definition czero :: "nat \<Rightarrow> cls" where "czero m = rho m `` {{}}"
definition cone :: "nat \<Rightarrow> cls" where "cone m = rho m `` {{[]}}"
definition cadd :: "nat \<Rightarrow> cls \<Rightarrow> cls \<Rightarrow> cls" where
  "cadd m X Y = (\<Union>x\<in>X. \<Union>y\<in>Y. rho m `` {x \<union> y})"
definition cmul :: "nat \<Rightarrow> cls \<Rightarrow> cls \<Rightarrow> cls" where
  "cmul m X Y = (\<Union>x\<in>X. \<Union>y\<in>Y. rho m `` {lconc x y})"
definition cstar :: "nat \<Rightarrow> cls \<Rightarrow> cls" where
  "cstar m X = (\<Union>x\<in>X. rho m `` {lstar x})"

primrec gsum :: "('a \<Rightarrow> 'a \<Rightarrow> 'a) \<Rightarrow> 'a \<Rightarrow> (nat \<Rightarrow> 'a) \<Rightarrow> nat \<Rightarrow> 'a" where
  "gsum pl z f 0 = z"
| "gsum pl z f (Suc n) = pl (gsum pl z f n) (f n)"

text \<open>Standard recursive matrix star for an n x n matrix: split
  M = [[a, b], [c, D]] with a of size 1x1, f = a + b D* c, and
  M* = [[f*, f* b D*], [D* c f*, D* + D* c f* b D*]].\<close>
fun gstar :: "('a \<Rightarrow> 'a \<Rightarrow> 'a) \<Rightarrow> ('a \<Rightarrow> 'a \<Rightarrow> 'a) \<Rightarrow> ('a \<Rightarrow> 'a) \<Rightarrow> 'a \<Rightarrow> nat
              \<Rightarrow> (nat \<Rightarrow> nat \<Rightarrow> 'a) \<Rightarrow> nat \<Rightarrow> nat \<Rightarrow> 'a" where
  "gstar pl ml st z 0 M = (\<lambda>i j. z)"
| "gstar pl ml st z (Suc n) M =
    (let a = M 0 0;
         b = (\<lambda>j. M 0 (Suc j));
         c = (\<lambda>i. M (Suc i) 0);
         D = (\<lambda>i j. M (Suc i) (Suc j));
         Ds = gstar pl ml st z n D;
         bD = (\<lambda>j. gsum pl z (\<lambda>k. ml (b k) (Ds k j)) n);
         Dc = (\<lambda>i. gsum pl z (\<lambda>k. ml (Ds i k) (c k)) n);
         f = pl a (gsum pl z (\<lambda>k. ml (bD k) (c k)) n);
         fs = st f
     in (\<lambda>i j. if i = 0 then (if j = 0 then fs else ml fs (bD (j - 1)))
              else (if j = 0 then ml (Dc (i - 1)) fs
                    else pl (Ds (i - 1) (j - 1)) (ml (ml (Dc (i - 1)) fs) (bD (j - 1))))))"

type_synonym cmat = "nat \<Rightarrow> nat \<Rightarrow> cls"

definition mext :: "nat \<Rightarrow> cmat \<Rightarrow> cmat" where
  "mext m M = (\<lambda>i j. if i < m \<and> j < m then M i j else {})"

definition MatC :: "nat \<Rightarrow> cmat set" where
  "MatC m = {M. (\<forall>i<m. \<forall>j<m. M i j \<in> C m) \<and> (\<forall>i j. \<not> (i < m \<and> j < m) \<longrightarrow> M i j = {})}"

definition mzero :: "nat \<Rightarrow> cmat" where
  "mzero m = mext m (\<lambda>i j. czero m)"
definition mone :: "nat \<Rightarrow> cmat" where
  "mone m = mext m (\<lambda>i j. if i = j then cone m else czero m)"
definition madd :: "nat \<Rightarrow> cmat \<Rightarrow> cmat \<Rightarrow> cmat" where
  "madd m M N = mext m (\<lambda>i j. cadd m (M i j) (N i j))"
definition mmul :: "nat \<Rightarrow> cmat \<Rightarrow> cmat \<Rightarrow> cmat" where
  "mmul m M N = mext m (\<lambda>i j. gsum (cadd m) (czero m) (\<lambda>k. cmul m (M i k) (N k j)) m)"
definition mstar :: "nat \<Rightarrow> cmat \<Rightarrow> cmat" where
  "mstar m M = mext m (gstar (cadd m) (cmul m) (cstar m) (czero m) m M)"

definition KA_iso :: "nat \<Rightarrow> (cls \<Rightarrow> cmat) \<Rightarrow> bool" where
  "KA_iso m h \<longleftrightarrow> bij_betw h (C m) (MatC m) \<and>
     h (czero m) = mzero m \<and> h (cone m) = mone m \<and>
     (\<forall>x\<in>C m. \<forall>y\<in>C m. h (cadd m x y) = madd m (h x) (h y)
                      \<and> h (cmul m x y) = mmul m (h x) (h y)) \<and>
     (\<forall>x\<in>C m. h (cstar m x) = mstar m (h x))"

end

theory Submission
  imports Defs
begin

(*
  By the defining relations the classes p_i, q_j of the letters satisfy p_i q_j = delta_ij and
  q_0 p_0 + ... + q_(m-1) p_(m-1) = 1, i.e. they behave like matrix units. Hence
  x |-> (p_i x q_j)_ij is a bijection from C_m onto the m x m matrices over C_m, with inverse
  M |-> sum_ij q_i M_ij p_j, and it preserves 0, 1, + and the product.

  Star is preserved for free: in C_m (a quotient by an R-congruence, hence a Kleene algebra) x* is
  the least s with 1 + x s <= s, and the Conway block formula defining the matrix star also yields
  the least solution of 1 + M S <= S; the latter holds over any left Kleene algebra, by induction
  on the size, splitting off the first row and column. An isomorphism of ordered semirings maps
  least solutions to least solutions.
*)

definition block :: "'a \<Rightarrow> (nat \<Rightarrow> 'a) \<Rightarrow> (nat \<Rightarrow> 'a) \<Rightarrow> (nat \<Rightarrow> nat \<Rightarrow> 'a) \<Rightarrow> nat \<Rightarrow> nat \<Rightarrow> 'a" where
  "block a b c D i j =
    (case (i, j) of (0, 0) \<Rightarrow> a | (0, Suc j) \<Rightarrow> b j | (Suc i, 0) \<Rightarrow> c i | (Suc i, Suc j) \<Rightarrow> D i j)"

lemma block_simps [simp]:
  "block a b c D 0 0 = a" "block a b c D 0 (Suc j) = b j"
  "block a b c D (Suc i) 0 = c i" "block a b c D (Suc i) (Suc j) = D i j"
  by (simp_all add: block_def)

lemma block_eta: "block (M 0 0) (\<lambda>j. M 0 (Suc j)) (\<lambda>i. M (Suc i) 0) (\<lambda>i j. M (Suc i) (Suc j)) = M"
  by (simp add: block_def fun_eq_iff split: nat.split)

lemma gsum_cong: "(\<And>k. k < n \<Longrightarrow> f k = g k) \<Longrightarrow> gsum p z f n = gsum p z g n"
  by (induction n) auto

lemma gsum_cong_simp [cong]:
  "n = n' \<Longrightarrow> (\<And>k. k < n' =simp=> f k = g k) \<Longrightarrow> gsum p z f n = gsum p z g n'"
  unfolding simp_implies_def by (auto intro: gsum_cong)

locale left_kleene_algebra_on =
  fixes K :: "'a set"
    and add :: "'a \<Rightarrow> 'a \<Rightarrow> 'a" (infixl "\<oplus>" 65)
    and mul :: "'a \<Rightarrow> 'a \<Rightarrow> 'a" (infixl "\<otimes>" 70)
    and star :: "'a \<Rightarrow> 'a"
    and zero :: 'a ("\<zero>")
    and one :: 'a ("\<one>")
  assumes zero_closed [simp]: "\<zero> \<in> K"
    and one_closed [simp]: "\<one> \<in> K"
    and add_closed [simp]: "x \<in> K \<Longrightarrow> y \<in> K \<Longrightarrow> x \<oplus> y \<in> K"
    and mul_closed [simp]: "x \<in> K \<Longrightarrow> y \<in> K \<Longrightarrow> x \<otimes> y \<in> K"
    and star_closed [simp]: "x \<in> K \<Longrightarrow> star x \<in> K"
    and add_assoc: "x \<in> K \<Longrightarrow> y \<in> K \<Longrightarrow> w \<in> K \<Longrightarrow> x \<oplus> y \<oplus> w = x \<oplus> (y \<oplus> w)"
    and add_commute: "x \<in> K \<Longrightarrow> y \<in> K \<Longrightarrow> x \<oplus> y = y \<oplus> x"
    and add_idem [simp]: "x \<in> K \<Longrightarrow> x \<oplus> x = x"
    and add_zero_left [simp]: "x \<in> K \<Longrightarrow> \<zero> \<oplus> x = x"
    and mul_assoc: "x \<in> K \<Longrightarrow> y \<in> K \<Longrightarrow> w \<in> K \<Longrightarrow> x \<otimes> y \<otimes> w = x \<otimes> (y \<otimes> w)"
    and mul_one_left [simp]: "x \<in> K \<Longrightarrow> \<one> \<otimes> x = x"
    and mul_one_right [simp]: "x \<in> K \<Longrightarrow> x \<otimes> \<one> = x"
    and mul_zero_left [simp]: "x \<in> K \<Longrightarrow> \<zero> \<otimes> x = \<zero>"
    and mul_zero_right [simp]: "x \<in> K \<Longrightarrow> x \<otimes> \<zero> = \<zero>"
    and distrib_left: "x \<in> K \<Longrightarrow> y \<in> K \<Longrightarrow> w \<in> K \<Longrightarrow> x \<otimes> (y \<oplus> w) = x \<otimes> y \<oplus> x \<otimes> w"
    and distrib_right: "x \<in> K \<Longrightarrow> y \<in> K \<Longrightarrow> w \<in> K \<Longrightarrow> (y \<oplus> w) \<otimes> x = y \<otimes> x \<oplus> w \<otimes> x"
    and star_unfold: "x \<in> K \<Longrightarrow> \<one> \<oplus> x \<otimes> star x \<oplus> star x = star x"
    and star_induct: "x \<in> K \<Longrightarrow> y \<in> K \<Longrightarrow> x \<otimes> y \<oplus> y = y \<Longrightarrow> star x \<otimes> y \<oplus> y = y"
begin

lemma add_zero_right [simp]: "x \<in> K \<Longrightarrow> x \<oplus> \<zero> = x"
  using add_commute[of x \<zero>] by simp

lemma add_left_commute: "x \<in> K \<Longrightarrow> y \<in> K \<Longrightarrow> w \<in> K \<Longrightarrow> x \<oplus> (y \<oplus> w) = y \<oplus> (x \<oplus> w)"
  by (metis add_assoc add_commute)

lemmas add_ac = add_assoc add_commute add_left_commute

definition leq :: "'a \<Rightarrow> 'a \<Rightarrow> bool" (infix "\<preceq>" 50) where
  "x \<preceq> y \<longleftrightarrow> x \<oplus> y = y"

lemma leq_refl [simp]: "x \<in> K \<Longrightarrow> x \<preceq> x"
  by (simp add: leq_def)

lemma leq_trans: "x \<preceq> y \<Longrightarrow> y \<preceq> w \<Longrightarrow> x \<in> K \<Longrightarrow> y \<in> K \<Longrightarrow> w \<in> K \<Longrightarrow> x \<preceq> w"
  unfolding leq_def by (metis add_assoc)

lemma eq_leq_trans [trans]: "x = y \<Longrightarrow> y \<preceq> w \<Longrightarrow> x \<preceq> w"
  by simp

lemma leq_antisym: "x \<preceq> y \<Longrightarrow> y \<preceq> x \<Longrightarrow> x \<in> K \<Longrightarrow> y \<in> K \<Longrightarrow> x = y"
  unfolding leq_def by (metis add_commute)

lemma zero_leq [simp]: "x \<in> K \<Longrightarrow> \<zero> \<preceq> x"
  by (simp add: leq_def)

lemma add_leq_iff: "x \<in> K \<Longrightarrow> y \<in> K \<Longrightarrow> w \<in> K \<Longrightarrow> x \<oplus> y \<preceq> w \<longleftrightarrow> x \<preceq> w \<and> y \<preceq> w"
  unfolding leq_def by (metis add_assoc add_commute add_idem add_closed)

lemma leq_add_left: "x \<in> K \<Longrightarrow> y \<in> K \<Longrightarrow> x \<preceq> x \<oplus> y"
  unfolding leq_def by (metis add_assoc add_idem)

lemma leq_add_right: "x \<in> K \<Longrightarrow> y \<in> K \<Longrightarrow> y \<preceq> x \<oplus> y"
  using leq_add_left add_commute by metis

lemma add_mono:
  "x \<preceq> x' \<Longrightarrow> y \<preceq> y' \<Longrightarrow> x \<in> K \<Longrightarrow> y \<in> K \<Longrightarrow> x' \<in> K \<Longrightarrow> y' \<in> K \<Longrightarrow> x \<oplus> y \<preceq> x' \<oplus> y'"
  by (meson leq_add_left leq_add_right leq_trans add_leq_iff add_closed)

lemma mul_mono_left: "x \<preceq> x' \<Longrightarrow> x \<in> K \<Longrightarrow> x' \<in> K \<Longrightarrow> y \<in> K \<Longrightarrow> x \<otimes> y \<preceq> x' \<otimes> y"
  unfolding leq_def by (metis distrib_right)

lemma mul_mono_right: "y \<preceq> y' \<Longrightarrow> x \<in> K \<Longrightarrow> y \<in> K \<Longrightarrow> y' \<in> K \<Longrightarrow> x \<otimes> y \<preceq> x \<otimes> y'"
  unfolding leq_def by (metis distrib_left)

lemma star_unfold_leq: "x \<in> K \<Longrightarrow> \<one> \<oplus> x \<otimes> star x \<preceq> star x"
  unfolding leq_def by (rule star_unfold)

lemma star_induct_leq: "x \<in> K \<Longrightarrow> y \<in> K \<Longrightarrow> x \<otimes> y \<preceq> y \<Longrightarrow> star x \<otimes> y \<preceq> y"
  unfolding leq_def by (rule star_induct)

lemma star_least: "x \<in> K \<Longrightarrow> s \<in> K \<Longrightarrow> \<one> \<oplus> x \<otimes> s \<preceq> s \<Longrightarrow> star x \<preceq> s"
proof -
  assume x: "x \<in> K" and s: "s \<in> K" and "\<one> \<oplus> x \<otimes> s \<preceq> s"
  then have one: "\<one> \<preceq> s" and "x \<otimes> s \<preceq> s"
    by (auto simp: add_leq_iff)
  then have "star x \<otimes> s \<preceq> s"
    using x s by (intro star_induct_leq)
  moreover have "star x \<otimes> \<one> \<preceq> star x \<otimes> s"
    using one x s by (intro mul_mono_right) auto
  ultimately show ?thesis
    using x s by (metis leq_trans mul_one_right one_closed mul_closed star_closed)
qed

abbreviation ksum :: "(nat \<Rightarrow> 'a) \<Rightarrow> nat \<Rightarrow> 'a" where
  "ksum f n \<equiv> gsum (\<oplus>) \<zero> f n"

lemma gsum_closed [simp]: "(\<And>k. k < n \<Longrightarrow> f k \<in> K) \<Longrightarrow> ksum f n \<in> K"
  by (induction n) auto

lemma gsum_zero [simp]: "ksum (\<lambda>k. \<zero>) n = \<zero>"
  by (induction n) auto

lemma gsum_add:
  "(\<And>k. k < n \<Longrightarrow> f k \<in> K) \<Longrightarrow> (\<And>k. k < n \<Longrightarrow> g k \<in> K) \<Longrightarrow>
   ksum (\<lambda>k. f k \<oplus> g k) n = ksum f n \<oplus> ksum g n"
  by (induction n) (simp_all add: add_ac)

lemma gsum_mul_left:
  "(\<And>k. k < n \<Longrightarrow> f k \<in> K) \<Longrightarrow> x \<in> K \<Longrightarrow> x \<otimes> ksum f n = ksum (\<lambda>k. x \<otimes> f k) n"
  by (induction n) (auto simp: distrib_left)
lemma outer_measure_countably_subadditive:
  "outer_measure (\<Union>i. A i) \<le> (\<Sum>i. outer_measure (A i))"
proof (rule ennreal_le_epsilon)
  fix e :: real assume "0 < e"
  have "\<exists>U. open U \<and> A i \<subseteq> U \<and> inner_content U < outer_measure (A i) + ennreal (e / 2 ^ Suc i)"
    for i
  proof -
    have "outer_measure (A i) < outer_measure (A i) + ennreal (e / 2 ^ Suc i)"
      using outer_measure_finite[of "A i"] \<open>0 < e\<close> by simp
    then show ?thesis
      unfolding outer_measure_def[of "A i"] by (subst (asm) INF_less_iff) auto
  qed
  then obtain U where U: "\<And>i. open (U i)" "\<And>i. A i \<subseteq> U i"
    "\<And>i. inner_content (U i) < outer_measure (A i) + ennreal (e / 2 ^ Suc i)"
    by metis
  have "outer_measure (\<Union>i. A i) \<le> inner_content (\<Union>i. U i)"
    by (rule outer_measure_le_inner) (use U in auto)
  also have "\<dots> \<le> (\<Sum>i. inner_content (U i))"
    by (rule inner_content_countably_subadditive) (rule U)
  also have "\<dots> \<le> (\<Sum>i. outer_measure (A i) + ennreal (e / 2 ^ Suc i))"
    by (rule suminf_le, rule less_imp_le[OF U(3)], auto)
  also have "\<dots> = (\<Sum>i. outer_measure (A i)) + (\<Sum>i. ennreal (e / 2 ^ Suc i))"
    by (rule suminf_add[symmetric]) auto
  also have "(\<Sum>i. ennreal (e / 2 ^ Suc i)) = ennreal e"
    by (rule suminf_ennreal_halves) (use \<open>0 < e\<close> in simp)
  finally show "outer_measure (\<Union>i. A i) \<le> (\<Sum>i. outer_measure (A i)) + ennreal e" .
qed

lemma outer_measure_subadditive: "outer_measure (A \<union> B) \<le> outer_measure A + outer_measure B"
  using outer_measure_countably_subadditive[of "binaryset A B"]
  by (simp add: range_binaryset_eq suminf_binaryset_eq outer_measure_empty)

*WORK TO COMPLETE*:
Using the data above, tally the lines that contain the string "cmul" and state only the result.

*RESPONSE TO THIS EXERCISE*:
5